### Source data ###

section \<open>Factorization of the law of the clocks\<close>

lemma (in product_sigma_finite) measure_PiM_restrict_Times:
  assumes IJ: "I \<inter> J = {}" and fin: "finite I" "finite J"
    and A: "A \<in> sets (PiM I M)" and B: "B \<in> sets (PiM J M)"
  shows "measure (PiM (I \<union> J) M) {e \<in> space (PiM (I \<union> J) M). restrict e I \<in> A \<and> restrict e J \<in> B}
    = measure (PiM I M) A * measure (PiM J M) B"
proof -
  interpret J: finite_product_sigma_finite M J by standard fact
  let ?P = "PiM (I \<union> J) M" and ?PIJ = "PiM I M \<Otimes>\<^sub>M PiM J M"
  let ?E = "{e \<in> space ?P. restrict e I \<in> A \<and> restrict e J \<in> B}"
  have "?E = ((\<lambda>e. restrict e I) -` A \<inter> space ?P) \<inter> ((\<lambda>e. restrict e J) -` B \<inter> space ?P)"
    by auto
  also have "\<dots> \<in> sets ?P"
    by (intro sets.Int measurable_sets[OF measurable_restrict_subset] A B) auto
  finally have "?E \<in> sets ?P" .
  have restrict_id: "restrict x K = x" if "x \<in> space (PiM K M)" for x K
    using that by (simp add: space_PiM PiE_def extensional_restrict)
  have "merge I J -` ?E \<inter> space ?PIJ = A \<times> B"
  proof (intro set_eqI iffI)
    fix z assume "z \<in> merge I J -` ?E \<inter> space ?PIJ"
    then show "z \<in> A \<times> B"
      using IJ restrict_id by (auto simp: space_pair_measure)
  next
    fix z assume z: "z \<in> A \<times> B"
    then have "z \<in> space ?PIJ"
      using sets.sets_into_space[OF A] sets.sets_into_space[OF B] by (auto simp: space_pair_measure)
    then show "z \<in> merge I J -` ?E \<inter> space ?PIJ"
      using z IJ restrict_id measurable_space[OF measurable_merge, of z] by (auto simp: space_pair_measure)
  qed
  have "measure ?P ?E = measure (distr ?PIJ ?P (merge I J)) ?E"
    using distr_merge[OF IJ fin] by simp
  also have "\<dots> = measure ?PIJ (A \<times> B)"
    using measure_distr[OF measurable_merge \<open>?E \<in> sets ?P\<close>] \<open>merge I J -` ?E \<inter> space ?PIJ = A \<times> B\<close>
    by simp
  also have "\<dots> = measure (PiM I M) A * measure (PiM J M) B"
    using J.emeasure_pair_measure_Times[OF A B] by (simp add: measure_def enn2real_mult)
  finally show ?thesis .
qed

lemma sets_merge_section:
  assumes "Z \<in> sets (PiM (I \<union> J) M)" "x \<in> space (PiM I M)"
  shows "{y \<in> space (PiM J M). merge I J (x, y) \<in> Z} \<in> sets (PiM J M)"
  using measurable_sets[OF measurable_Pair2[OF measurable_merge assms(2)] assms(1)]
  by (simp add: vimage_def Int_def conj_commute)

lemma measure_Sset_Cgraph_eq:
  assumes N: "N > 0" and t: "t \<ge> 0" and e0: "Sset N a e0 t = S"
    and Z: "{e \<in> space (clocks N). Sset N a e t = S} \<in> sets (clocks N)"
  shows "measure (clocks N) {e \<in> space (clocks N). Sset N a e t = S \<and> R (Cgraph N a e t)}
    = measure_pmf.prob (ER S (pN N t)) {H. no_big_comp S a H \<and> R H}
      * measure (PiM (Pairs N - SPairs S) (\<lambda>_. exp_clock N))
          {y \<in> space (PiM (Pairs N - SPairs S) (\<lambda>_. exp_clock N)).
            Sset N a (merge (SPairs S) (Pairs N - SPairs S) (e0, y)) t = S}"
proof -
  define I where "I = SPairs S"
  define J where "J = Pairs N - I"
  define M where "M = (\<lambda>_::nat \<times> nat. exp_clock N)"
  define A where "A = {x \<in> space (PiM I M). no_big_comp S a (rung_edges S t x) \<and> R (rung_edges S t x)}"
  define B where "B = {y \<in> space (PiM J M). Sset N a (merge I J (e0, y)) t = S}"
  interpret prob_space "exp_clock N" by (rule prob_space_exp_clock) fact
  interpret product_sigma_finite M unfolding M_def by standard
  have S: "S \<subseteq> {1..N}" using Sset_subset[of N a e0 t] e0 by simp
  have IJ: "I \<inter> J = {}" "I \<union> J = Pairs N" and fin: "finite I" "finite J"
    using SPairs_subset_Pairs[OF S] finite_SPairs[OF S] finite_Pairs
    by (auto simp: I_def J_def)
  have clocks: "clocks N = PiM (I \<union> J) M" unfolding clocks_eq_PiM_exp_clock IJ(2) M_def ..
  have space: "restrict x K \<in> space (PiM K M)" "merge I J (x, y) \<in> space (clocks N)" for x y K
    by (simp_all add: clocks space_PiM PiE_def M_def)
  have A: "A \<in> sets (PiM I M)"
    unfolding A_def I_def M_def by (rule sets_rung_edges_preimage[OF finite_SPairs[OF S]])
  have "{y \<in> space (PiM J M). merge I J (restrict e0 I, y) \<in> {e \<in> space (clocks N). Sset N a e t = S}}
      \<in> sets (PiM J M)"
    using Z clocks space by (intro sets_merge_section) auto
  then have B: "B \<in> sets (PiM J M)"
    using space by (simp add: B_def)
  have "{e \<in> space (clocks N). Sset N a e t = S \<and> R (Cgraph N a e t)}
      = {e \<in> space (PiM (I \<union> J) M). restrict e I \<in> A \<and> restrict e J \<in> B}"
  proof (rule Collect_cong)
    fix e
    have "rung_edges S t (restrict e I) = rung_edges S t e" by (auto simp: rung_edges_def I_def)
    moreover have "Sset N a e t = S \<and> R (Cgraph N a e t) \<longleftrightarrow> no_big_comp S a (rung_edges S t e) \<and>
        R (rung_edges S t e) \<and> Sset N a (merge I J (e0, e)) t = S"
      using Sset_Cgraph_iff_merge[OF e0, of e R] by (simp add: I_def J_def)
    ultimately show "e \<in> space (clocks N) \<and> Sset N a e t = S \<and> R (Cgraph N a e t) \<longleftrightarrow>
        e \<in> space (PiM (I \<union> J) M) \<and> restrict e I \<in> A \<and> restrict e J \<in> B"
      using space clocks by (auto simp: A_def B_def)
  qed
  also have "measure (clocks N) \<dots> = measure (PiM I M) A * measure (PiM J M) B"
    using measure_PiM_restrict_Times[OF IJ(1) fin A B] clocks by simp
  also have "measure (PiM I M) A = measure_pmf.prob (ER S (pN N t)) {H. no_big_comp S a H \<and> R H}"
    unfolding A_def I_def M_def by (rule measure_rung_edges_preimage[OF N t finite_SPairs[OF S]])
  finally show ?thesis by (simp add: B_def I_def J_def M_def)
qed

lemma measure_Sset_Cgraph_factorizes:
  assumes "N > 0" "t \<ge> 0"
    and pos: "measure (clocks N) {e \<in> space (clocks N). Sset N a e t = S} > 0"
  obtains \<beta> where "\<And>R. measure (clocks N) {e \<in> space (clocks N). Sset N a e t = S \<and> R (Cgraph N a e t)}
      = measure_pmf.prob (ER S (pN N t)) {H. no_big_comp S a H \<and> R H} * \<beta>"
proof -
  let ?Z = "{e \<in> space (clocks N). Sset N a e t = S}"
  \<comment> \<open>Measurability of the event S(t) = S is read off its positive measure.\<close>
  have "?Z \<in> sets (clocks N)" using pos measure_notin_sets[of ?Z] by fastforce
  moreover have "?Z \<noteq> {}" using pos by (intro notI) simp
  then obtain e0 where "Sset N a e0 t = S" by blast
  ultimately show ?thesis using that measure_Sset_Cgraph_eq[OF assms(1,2)] by blast
qed

theorem lemma4p1:
  fixes \<alpha> :: "nat \<Rightarrow> real" and N :: nat and t :: real
    and S :: "nat set" and G :: "(nat \<times> nat) set"
  assumes "filterlim \<alpha> at_top sequentially"
    and "(\<lambda>n. \<alpha> n / real n) \<longlonglongrightarrow> 0"
    and "N \<ge> 2"
    and "t \<ge> 0"
    and "S \<subseteq> {1..N}"
    and "measure (clocks N) {e \<in> space (clocks N). Sset N (\<alpha> N) e t = S} > 0"
    and "G \<subseteq> SPairs S"
  shows "measure (clocks N) {e \<in> space (clocks N). Cgraph N (\<alpha> N) e t = G \<and> Sset N (\<alpha> N) e t = S}
           / measure (clocks N) {e \<in> space (clocks N). Sset N (\<alpha> N) e t = S}
         = measure_pmf.prob (ER S (pN N t)) {H. H = G \<and> no_big_comp S (\<alpha> N) H}
           / measure_pmf.prob (ER S (pN N t)) {H. no_big_comp S (\<alpha> N) H}"
proof -
  obtain \<beta> where factor: "\<And>R. measure (clocks N) {e \<in> space (clocks N). Sset N (\<alpha> N) e t = S \<and> R (Cgraph N (\<alpha> N) e t)}
      = measure_pmf.prob (ER S (pN N t)) {H. no_big_comp S (\<alpha> N) H \<and> R H} * \<beta>"
    using measure_Sset_Cgraph_factorizes[of N t "\<alpha> N" S] assms(3,4,6) by auto
  have numerator: "measure (clocks N) {e \<in> space (clocks N). Cgraph N (\<alpha> N) e t = G \<and> Sset N (\<alpha> N) e t = S}
      = measure_pmf.prob (ER S (pN N t)) {H. H = G \<and> no_big_comp S (\<alpha> N) H} * \<beta>"
    using factor[of "\<lambda>H. H = G"] by (simp add: conj_commute)
  have denominator: "measure (clocks N) {e \<in> space (clocks N). Sset N (\<alpha> N) e t = S}
      = measure_pmf.prob (ER S (pN N t)) {H. no_big_comp S (\<alpha> N) H} * \<beta>"
    using factor[of "\<lambda>_. True"] by simp
  with assms(6) have "\<beta> \<noteq> 0" by auto
  then show ?thesis unfolding numerator denominator by simp
qed

end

###

> **Exercise prompt**: Using the records above, list each line that includes "standard".

> **Exercise response**:
  interpret J: finite_product_sigma_finite M J by standard fact
  interpret product_sigma_finite M unfolding M_def by standard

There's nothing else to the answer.